4 minute read
War and accidents – a driver for the NHS and the BOA
Gary Robjent
Gary Robjent is Head of Policy and Public Affairs for the BOA
In preparation for war – and in particular the anticipated and realised Blitz –the Chamberlain Government drew up the Emergency Hospital System (EHS). This followed surveys during 1937-38 that revealed that the 1,334 voluntary hospitals and 1,771 municipal hospitals were organisationally and financially disparate and failing. Two-thirds of the hospitals had originally been erected before 1891, one-fifth before 1861. They were in poor physical state and lacked diagnostic facilities, pathology and radiology, and operating theatres. In addition to the voluntary and municipal hospitals were the cottage hospitals; often established and run by GPs, who carried out the majority of surgery.
The prestigious voluntary hospitals included the teaching hospitals (12 in London, such as Guy’s Hospital, and 10 in the provinces), which had been founded in association with a civic university. Some of the voluntary hospitals had existed for hundreds of years – St Bartholomew’s for over five hundred, but many, smaller had been established following the First World War.
Many of the municipal hospitals had grown out of the infirmary wards of the Poor Law workhouses. By the 1920s, particularly in the big cities, the infirmary sections were larger than the rest of the institution, with resident medical staff and some facilities for laboratory tests, X-rays and surgery. In 1929, when local authorities assumed responsibility for any municipal hospitals still under the control of ‘boards of guardians’, they provided three times the number of beds of the voluntary hospitals. However, most remained largely a ‘dumping ground’ for the elderly and chronic sick – many of whom had previously been under the care of the voluntary hospitals – and would remain there until death. By 1938, councils in England and Wales provided 75,000 general beds (excluding mental health and ‘fever’ beds for which they were also responsible).
In 1935, British Medical Association’s Committee on Fractures and a subsequent cross government study (1939) highlighted the poor outcomes for people injured (mostly in road traffic accidents despite a reduction following the introduction of the Highway Code in 1931). Pre-Second World War, only a few of the larger hospitals had separate orthopaedic wards. However, by 1939, the new specialties such as orthopaedics, were developing in general hospitals; anaesthetics was not yet a fully distinct specialty and a basic knowledge of its techniques was a useful skill for any doctor.
In addition to the prospect of the Blitz, there were other unforeseen consequences of war that prompted the development of trauma care. Industrial accidents in Birmingham had risen by 40% as inexperienced workers entered wartime factories. Widely regarded at the time as a radical plan to treat injured patients in a specialised setting, the Birmingham Accident Hospital was established in 1941 and staffed by specially trained trauma staff – concentrating not just on immediate care, but also on the rehabilitation of these patients. The Birmingham Accident Hospital and Rehabilitation Centre was the last voluntary hospital in the country, and its specified objectives included prevention of industrial accidents.

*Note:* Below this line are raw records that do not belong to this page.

(* Let $(D,\prec,\succ,d)$ be a differential dendriform algebra of weight zero. Define, for $a,b\in D$, $$a\searrow b:=d(a)\succ b,\quad a\nearrow b:=a\succ d(b),\quad a\swarrow b:=d(a)\prec b,\quad a\nwarrow b:=a\prec d(b).$$ Then $(D,\searrow,\nearrow,\swarrow,\nwarrow)$ is a Novikov-dendriform algebra. Moreover, with $$a\vdash b:=a\searrow b+a\swarrow b=d(a)\succ b+d(a)\prec b,\qquad a\dashv b:=a\nearrow b+a\nwarrow b=a\succ d(b)+a\prec d(b),$$ the triple $(D,\vdash,\dashv)$ is a Novikov-associative algebra.
   Context: $\mathbf{k}$ is a commutative unital ring. A dendriform algebra is a $\mathbf{k}$-module $D$ with bilinear operations $\prec,\succ$ such that for all $a,b,c\in D$: $(a\prec b)\prec c=a\prec(b\prec c+b\succ c)$, $(a\succ b)\prec c=a\succ(b\prec c)$, $(a\prec b+a\succ b)\succ c=a\succ(b\succ c)$. A derivation of weight $\lambda$ on it is a linear map $d$ with $d(a\prec b)=d(a)\prec b+a\prec d(b)+\lambda d(a)\prec d(b)$ and $d(a\succ b)=d(a)\succ b+a\succ d(b)+\lambda d(a)\succ d(b)$ for all $a,b$; then $(D,\prec,\succ,d)$ is a differential dendriform algebra of weight $\lambda$. A Novikov-dendriform algebra is a $\mathbf{k}$-module $N$ with four bilinear operations $\searrow,\nearrow,\swarrow,\nwarrow$ such that for all $a,b,c\in N$: (i) $(a\swarrow b)\nwarrow c=a\swarrow(b\nearrow c+b\nwarrow c)$; (ii) $(a\searrow b)\nwarrow c=a\searrow(b\nwarrow c)$; (iii) $(a\searrow b+a\swarrow b)\nearrow c=a\searrow(b\nearrow c)$; (iv) $(a\nwarrow b)\nwarrow c-a\nwarrow(b\searrow c+b\swarrow c)=a\swarrow(b\searrow c+b\swarrow c)-(a\nwarrow b)\swarrow c$; (v) $(a\nearrow b)\nwarrow c-a\nearrow(b\swarrow c)=a\searrow(b\swarrow c)-(a\nearrow b)\swarrow c$; (vi) $(a\nearrow b+a\nwarrow b)\nearrow c-a\nearrow(b\searrow c)=a\searrow(b\searrow c)-(a\nearrow b+a\nwarrow b)\searrow c$. A Novikov-associative algebra is a $\mathbf{k}$-module $A$ with bilinear operations $\vdash,\dashv$ such that for all $a,b,c$: $(a\vdash b)\dashv c=a\vdash(b\dashv c)$ and $(a\dashv b)\dashv c-a\dashv(b\vdash c)=a\vdash(b\vdash c)-(a\dashv b)\vdash c$. *)

theory Defs
  imports Complex_Main
begin

text \<open>A k-module D is modelled by a type 'd :: ab_group_add together with a scalar
multiplication smul satisfying the axioms of the HOL locale module (HOL.Modules),
over a commutative unital ring 'k.\<close>

definition bilinear_op :: "('k::comm_ring_1 \<Rightarrow> 'd::ab_group_add \<Rightarrow> 'd) \<Rightarrow> ('d \<Rightarrow> 'd \<Rightarrow> 'd) \<Rightarrow> bool" where
  "bilinear_op smul m \<longleftrightarrow>
     (\<forall>a b c. m (a + b) c = m a c + m b c) \<and>
     (\<forall>a b c. m a (b + c) = m a b + m a c) \<and>
     (\<forall>k a b. m (smul k a) b = smul k (m a b)) \<and>
     (\<forall>k a b. m a (smul k b) = smul k (m a b))"

definition linear_map :: "('k::comm_ring_1 \<Rightarrow> 'd::ab_group_add \<Rightarrow> 'd) \<Rightarrow> ('d \<Rightarrow> 'd) \<Rightarrow> bool" where
  "linear_map smul f \<longleftrightarrow> (\<forall>a b. f (a + b) = f a + f b) \<and> (\<forall>k a. f (smul k a) = smul k (f a))"

definition dendriform :: "('k::comm_ring_1 \<Rightarrow> 'd::ab_group_add \<Rightarrow> 'd) \<Rightarrow> ('d \<Rightarrow> 'd \<Rightarrow> 'd) \<Rightarrow> ('d \<Rightarrow> 'd \<Rightarrow> 'd) \<Rightarrow> bool" where
  "dendriform smul prec succ \<longleftrightarrow> module smul \<and> bilinear_op smul prec \<and> bilinear_op smul succ \<and>
     (\<forall>a b c. prec (prec a b) c = prec a (prec b c + succ b c)) \<and>
     (\<forall>a b c. prec (succ a b) c = succ a (prec b c)) \<and>
     (\<forall>a b c. succ (prec a b + succ a b) c = succ a (succ b c))"

definition dendriform_derivation :: "('k::comm_ring_1 \<Rightarrow> 'd::ab_group_add \<Rightarrow> 'd) \<Rightarrow> 'k \<Rightarrow> ('d \<Rightarrow> 'd \<Rightarrow> 'd) \<Rightarrow> ('d \<Rightarrow> 'd \<Rightarrow> 'd) \<Rightarrow> ('d \<Rightarrow> 'd) \<Rightarrow> bool" where
  "dendriform_derivation smul lam prec succ d \<longleftrightarrow> linear_map smul d \<and>
     (\<forall>a b. d (prec a b) = prec (d a) b + prec a (d b) + smul lam (prec (d a) (d b))) \<and>
     (\<forall>a b. d (succ a b) = succ (d a) b + succ a (d b) + smul lam (succ (d a) (d b)))"

definition differential_dendriform :: "('k::comm_ring_1 \<Rightarrow> 'd::ab_group_add \<Rightarrow> 'd) \<Rightarrow> 'k \<Rightarrow> ('d \<Rightarrow> 'd \<Rightarrow> 'd) \<Rightarrow> ('d \<Rightarrow> 'd \<Rightarrow> 'd) \<Rightarrow> ('d \<Rightarrow> 'd) \<Rightarrow> bool" where
  "differential_dendriform smul lam prec succ d \<longleftrightarrow> dendriform smul prec succ \<and> dendriform_derivation smul lam prec succ d"

text \<open>Operations in order: se = searrow, ne = nearrow, sw = swarrow, nw = nwarrow.\<close>
definition novikov_dendriform :: "('k::comm_ring_1 \<Rightarrow> 'd::ab_group_add \<Rightarrow> 'd) \<Rightarrow> ('d \<Rightarrow> 'd \<Rightarrow> 'd) \<Rightarrow> ('d \<Rightarrow> 'd \<Rightarrow> 'd) \<Rightarrow> ('d \<Rightarrow> 'd \<Rightarrow> 'd) \<Rightarrow> ('d \<Rightarrow> 'd \<Rightarrow> 'd) \<Rightarrow> bool" where
  "novikov_dendriform smul se ne sw nw \<longleftrightarrow> module smul \<and>
     bilinear_op smul se \<and> bilinear_op smul ne \<and> bilinear_op smul sw \<and> bilinear_op smul nw \<and>
     (\<forall>a b c. nw (sw a b) c = sw a (ne b c + nw b c)) \<and>
     (\<forall>a b c. nw (se a b) c = se a (nw b c)) \<and>
     (\<forall>a b c. ne (se a b + sw a b) c = se a (ne b c)) \<and>
     (\<forall>a b c. nw (nw a b) c - nw a (se b c + sw b c) = sw a (se b c + sw b c) - sw (nw a b) c) \<and>
     (\<forall>a b c. nw (ne a b) c - ne a (sw b c) = se a (sw b c) - sw (ne a b) c) \<and>
     (\<forall>a b c. ne (ne a b + nw a b) c - ne a (se b c) = se a (se b c) - se (ne a b + nw a b) c)"

definition novikov_associative :: "('k::comm_ring_1 \<Rightarrow> 'd::ab_group_add \<Rightarrow> 'd) \<Rightarrow> ('d \<Rightarrow> 'd \<Rightarrow> 'd) \<Rightarrow> ('d \<Rightarrow> 'd \<Rightarrow> 'd) \<Rightarrow> bool" where
  "novikov_associative smul vd dv \<longleftrightarrow> module smul \<and> bilinear_op smul vd \<and> bilinear_op smul dv \<and>
     (\<forall>a b c. dv (vd a b) c = vd a (dv b c)) \<and>
     (\<forall>a b c. dv (dv a b) c - dv a (vd b c) = vd a (vd b c) - vd (dv a b) c)"

end

theory Submission
  imports Defs
begin

text \<open>Axioms (i)--(iii) of a Novikov-dendriform algebra are instances of the dendriform axioms,
since d occupies the same slots on both sides. For (iv)--(vi) one expands every d of a product by
the Leibniz rule, which has no correction term in weight zero; after the dendriform axioms the
terms containing d b cancel, and both sides reduce to the same expression in d (d b). In any
Novikov-dendriform algebra, adding (i)--(iii) resp. (iv)--(vi) gives the two Novikov-associative
axioms for the summed operations.\<close>

lemma bilinear_op_add:
  assumes "bilinear_op smul m"
  shows "m (a + b) c = m a c + m b c" "m a (b + c) = m a b + m a c"
  using assms unfolding bilinear_op_def by simp_all

lemma bilinear_op_zero:
  assumes "bilinear_op smul m"
  shows "m 0 c = 0" "m a 0 = 0"
proof -
  have "m 0 c + m 0 c = m 0 c" and "m a 0 + m a 0 = m a 0"
    using bilinear_op_add[OF assms, of 0 0 c] bilinear_op_add[OF assms, of a 0 0] by simp_all
  then show "m 0 c = 0" "m a 0 = 0" by simp_all
qed

lemma bilinear_op_minus:
  assumes "bilinear_op smul m"
  shows "m (- a) c = - m a c" "m a (- b) = - m a b"
proof -
  have "m (- a) c + m a c = 0" and "m a (- b) + m a b = 0"
    using bilinear_op_add[OF assms, of "- a" a c] bilinear_op_add[OF assms, of a "- b" b]
      bilinear_op_zero[OF assms] by simp_all
  then show "m (- a) c = - m a c" "m a (- b) = - m a b" by (simp_all add: eq_neg_iff_add_eq_0)
qed

lemma bilinear_op_diff:
  assumes "bilinear_op smul m"
  shows "m (a - b) c = m a c - m b c" "m a (b - c) = m a b - m a c"
  using bilinear_op_add[OF assms, of a "- b" c] bilinear_op_add[OF assms, of a b "- c"]
    bilinear_op_minus[OF assms] by simp_all

lemma linear_map_add:
  assumes "linear_map smul f"
  shows "f (a + b) = f a + f b"
  using assms unfolding linear_map_def by simp

lemma linear_map_diff:
  assumes "linear_map smul f"
  shows "f (a - b) = f a - f b"
  using linear_map_add[OF assms, of "a - b" b] by (simp add: eq_diff_eq)

lemma bilinear_op_sum:
  assumes "module smul" "bilinear_op smul m" "bilinear_op smul n"
  shows "bilinear_op smul (\<lambda>a b. m a b + n a b)"
  using assms unfolding bilinear_op_def by (simp add: module.scale_right_distrib algebra_simps)

lemma bilinear_op_comp_left:
  assumes "bilinear_op smul m" "linear_map smul f"
  shows "bilinear_op smul (\<lambda>a b. m (f a) b)"
  using assms unfolding bilinear_op_def linear_map_def by simp

lemma bilinear_op_comp_right:
  assumes "bilinear_op smul m" "linear_map smul f"
  shows "bilinear_op smul (\<lambda>a b. m a (f b))"
  using assms unfolding bilinear_op_def linear_map_def by simp

lemma novikov_dendriform_imp_novikov_associative:
  assumes "novikov_dendriform smul se ne sw nw"
  shows "novikov_associative smul (\<lambda>a b. se a b + sw a b) (\<lambda>a b. ne a b + nw a b)"
proof -
  have bil: "bilinear_op smul se" "bilinear_op smul ne" "bilinear_op smul sw" "bilinear_op smul nw"
    and module: "module smul"
    using assms unfolding novikov_dendriform_def by simp_all
  note add = bilinear_op_add[OF bil(1)] bilinear_op_add[OF bil(2)]
    bilinear_op_add[OF bil(3)] bilinear_op_add[OF bil(4)]
  have "ne (se a b + sw a b) c + nw (se a b + sw a b) c
      = se a (ne b c + nw b c) + sw a (ne b c + nw b c)" for a b c
    using assms unfolding novikov_dendriform_def by (simp add: add algebra_simps)
  moreover have "ne (ne a b + nw a b) c + nw (ne a b + nw a b) c
      - (ne a (se b c + sw b c) + nw a (se b c + sw b c))
    = se a (se b c + sw b c) + sw a (se b c + sw b c)
      - (se (ne a b + nw a b) c + sw (ne a b + nw a b) c)" for a b c
  proof -
    have "ne (ne a b + nw a b) c + nw (ne a b + nw a b) c
        - (ne a (se b c + sw b c) + nw a (se b c + sw b c))
      = (nw (nw a b) c - nw a (se b c + sw b c)) + (nw (ne a b) c - ne a (sw b c))
        + (ne (ne a b + nw a b) c - ne a (se b c))"
      by (simp add: add algebra_simps)
    also have "\<dots> = (sw a (se b c + sw b c) - sw (nw a b) c) + (se a (sw b c) - sw (ne a b) c)
        + (se a (se b c) - se (ne a b + nw a b) c)"
      using assms unfolding novikov_dendriform_def by simp
    also have "\<dots> = se a (se b c + sw b c) + sw a (se b c + sw b c)
        - (se (ne a b + nw a b) c + sw (ne a b + nw a b) c)"
      by (simp add: add algebra_simps)
    finally show ?thesis .
  qed
  ultimately show ?thesis
    unfolding novikov_associative_def
    using module bilinear_op_sum[OF module bil(1,3)] bilinear_op_sum[OF module bil(2,4)]
    by (simp add: add)
qed

locale weight_zero_differential_dendriform =
  fixes smul :: "'k::comm_ring_1 \<Rightarrow> 'd::ab_group_add \<Rightarrow> 'd"
    and prec succ :: "'d \<Rightarrow> 'd \<Rightarrow> 'd" and d :: "'d \<Rightarrow> 'd"
  assumes differential_dendriform: "differential_dendriform smul 0 prec succ d"
begin

lemma module: "module smul"
  and bilinear_prec: "bilinear_op smul prec"
  and bilinear_succ: "bilinear_op smul succ"
  and linear_d: "linear_map smul d"
  and prec_prec: "prec (prec a b) c = prec a (prec b c + succ b c)"
  and prec_succ: "prec (succ a b) c = succ a (prec b c)"
  and succ_sum: "succ (prec a b + succ a b) c = succ a (succ b c)"
  using differential_dendriform
  unfolding differential_dendriform_def dendriform_def dendriform_derivation_def by simp_all

lemma d_prec: "d (prec a b) = prec (d a) b + prec a (d b)"
  and d_succ: "d (succ a b) = succ (d a) b + succ a (d b)"
  using differential_dendriform module.scale_zero_left[OF module]
  unfolding differential_dendriform_def dendriform_derivation_def by simp_all

lemmas expand_derivation = bilinear_op_add[OF bilinear_prec] bilinear_op_add[OF bilinear_succ]
  bilinear_op_diff[OF bilinear_prec] bilinear_op_diff[OF bilinear_succ]
  bilinear_op_minus[OF bilinear_prec] bilinear_op_minus[OF bilinear_succ]
  linear_map_add[OF linear_d] linear_map_diff[OF linear_d] d_prec d_succ

lemma succ_prec: "succ (prec a b) c = succ a (succ b c) - succ (succ a b) c"
  using succ_sum[of a b c] bilinear_op_add(1)[OF bilinear_succ, of "prec a b" "succ a b" c]
  by (simp add: eq_diff_eq)

lemma novikov_i: "prec (prec (d a) b) (d c) = prec (d a) (succ b (d c) + prec b (d c))"
  by (simp add: prec_prec add.commute)

lemma novikov_ii: "prec (succ (d a) b) (d c) = succ (d a) (prec b (d c))"
  by (rule prec_succ)

lemma novikov_iii: "succ (succ (d a) b + prec (d a) b) (d c) = succ (d a) (succ b (d c))"
  by (simp add: succ_sum add.commute)

lemma novikov_iv:
  "prec (prec a (d b)) (d c) - prec a (d (succ (d b) c + prec (d b) c))
     = prec (d a) (succ (d b) c + prec (d b) c) - prec (d (prec a (d b))) c"
proof -
  have "prec (prec a (d b)) (d c) - prec a (d (succ (d b) c + prec (d b) c))
      = - prec a (prec (d (d b)) c + succ (d (d b)) c)"
    by (simp add: prec_prec expand_derivation algebra_simps)
  also have "\<dots> = prec (d a) (succ (d b) c + prec (d b) c) - prec (d (prec a (d b))) c"
    by (simp add: prec_prec expand_derivation algebra_simps)
  finally show ?thesis .
qed

lemma novikov_v:
  "prec (succ a (d b)) (d c) - succ a (d (prec (d b) c))
     = succ (d a) (prec (d b) c) - prec (d (succ a (d b))) c"
proof -
  have "prec (succ a (d b)) (d c) - succ a (d (prec (d b) c)) = - succ a (prec (d (d b)) c)"
    by (simp add: prec_succ expand_derivation algebra_simps)
  also have "\<dots> = succ (d a) (prec (d b) c) - prec (d (succ a (d b))) c"
    by (simp add: prec_succ expand_derivation)
  finally show ?thesis .
qed

lemma novikov_vi:
  "succ (succ a (d b) + prec a (d b)) (d c) - succ a (d (succ (d b) c))
     = succ (d a) (succ (d b) c) - succ (d (succ a (d b) + prec a (d b))) c"
proof -
  have "succ (succ a (d b) + prec a (d b)) (d c) - succ a (d (succ (d b) c))
      = - succ a (succ (d (d b)) c)"
    by (simp add: succ_prec expand_derivation algebra_simps)
  also have "\<dots> = succ (d a) (succ (d b) c) - succ (d (succ a (d b) + prec a (d b))) c"
    by (simp add: succ_prec expand_derivation algebra_simps)
  finally show ?thesis .
qed

lemma novikov_dendriform_of_derivation:
  "novikov_dendriform smul (\<lambda>a b. succ (d a) b) (\<lambda>a b. succ a (d b))
     (\<lambda>a b. prec (d a) b) (\<lambda>a b. prec a (d b))"
  unfolding novikov_dendriform_def
  using module bilinear_op_comp_left[OF bilinear_succ linear_d]
    bilinear_op_comp_right[OF bilinear_succ linear_d]
    bilinear_op_comp_left[OF bilinear_prec linear_d]
    bilinear_op_comp_right[OF bilinear_prec linear_d]
  by (intro conjI allI novikov_i novikov_ii novikov_iii novikov_iv novikov_v novikov_vi)

end

theorem proposition3p12:
  fixes smul :: "'k::comm_ring_1 \<Rightarrow> 'd::ab_group_add \<Rightarrow> 'd"
    and prec succ :: "'d \<Rightarrow> 'd \<Rightarrow> 'd" and d :: "'d \<Rightarrow> 'd"
  assumes "differential_dendriform smul 0 prec succ d"
  shows "novikov_dendriform smul (\<lambda>a b. succ (d a) b) (\<lambda>a b. succ a (d b))
           (\<lambda>a b. prec (d a) b) (\<lambda>a b. prec a (d b))
       \<and> novikov_associative smul (\<lambda>a b. succ (d a) b + prec (d a) b)
           (\<lambda>a b. succ a (d b) + prec a (d b))"
proof -
  interpret weight_zero_differential_dendriform smul prec succ d
    using assms by unfold_locales
  show ?thesis
    using novikov_dendriform_of_derivation novikov_dendriform_imp_novikov_associative by blast
qed

end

Similarly, following a review of the attendance at the ‘casualty’ department of the Radcliffe Infirmary, Oxford, the Oxford Accident Service was established in 1941 to provide a unified service for treatment of fractures and all other injuries. Planned in 1940, the aim was to ensure direction and supervision for the ‘casualty department’, to ensure a uniformly high standard of treatment with all injuries admitted to the Accident Service and treatment provided by the specialist departments of the hospital. The majority of the injuries were known to be fractures and soft-tissue injuries; burns and hand infections were also included as ‘accidents’, and managed in collaboration with the department of plastic surgery.
Orthopaedics and trauma care, and the NHS, were inspired and necessitated by the physical and social consequences of two world wars, and the social conscience that arose in response to the impact of the Industrial Revolution.
Unsurprisingly, these factors are also responsible for the creation of the British Orthopaedic Association. Robert Jones, one of the founders of the British Orthopaedic Association, was a surgeon to the Manchester Ship Canal. He witnessed a high accident rate to its 20,000 workers and so organised first-aid services, each backed up by a hospital, staffed with a resident doctor and nurses. Later, in 1916 he persuaded the War Office to reserve 400 military beds in Alder Hey Hospital. Subsequently, Hammersmith Infirmary became a military orthopaedic hospital and by 1918, the army orthopaedic service had 30,000 beds.
In 2023, the BOA continues to support the principles and ethos that underpin the NHS 75 years on. Sadly, it also finds it has a role in supporting colleagues working in conflict zones and disaster areas with its acclaimed battlefield trauma resources.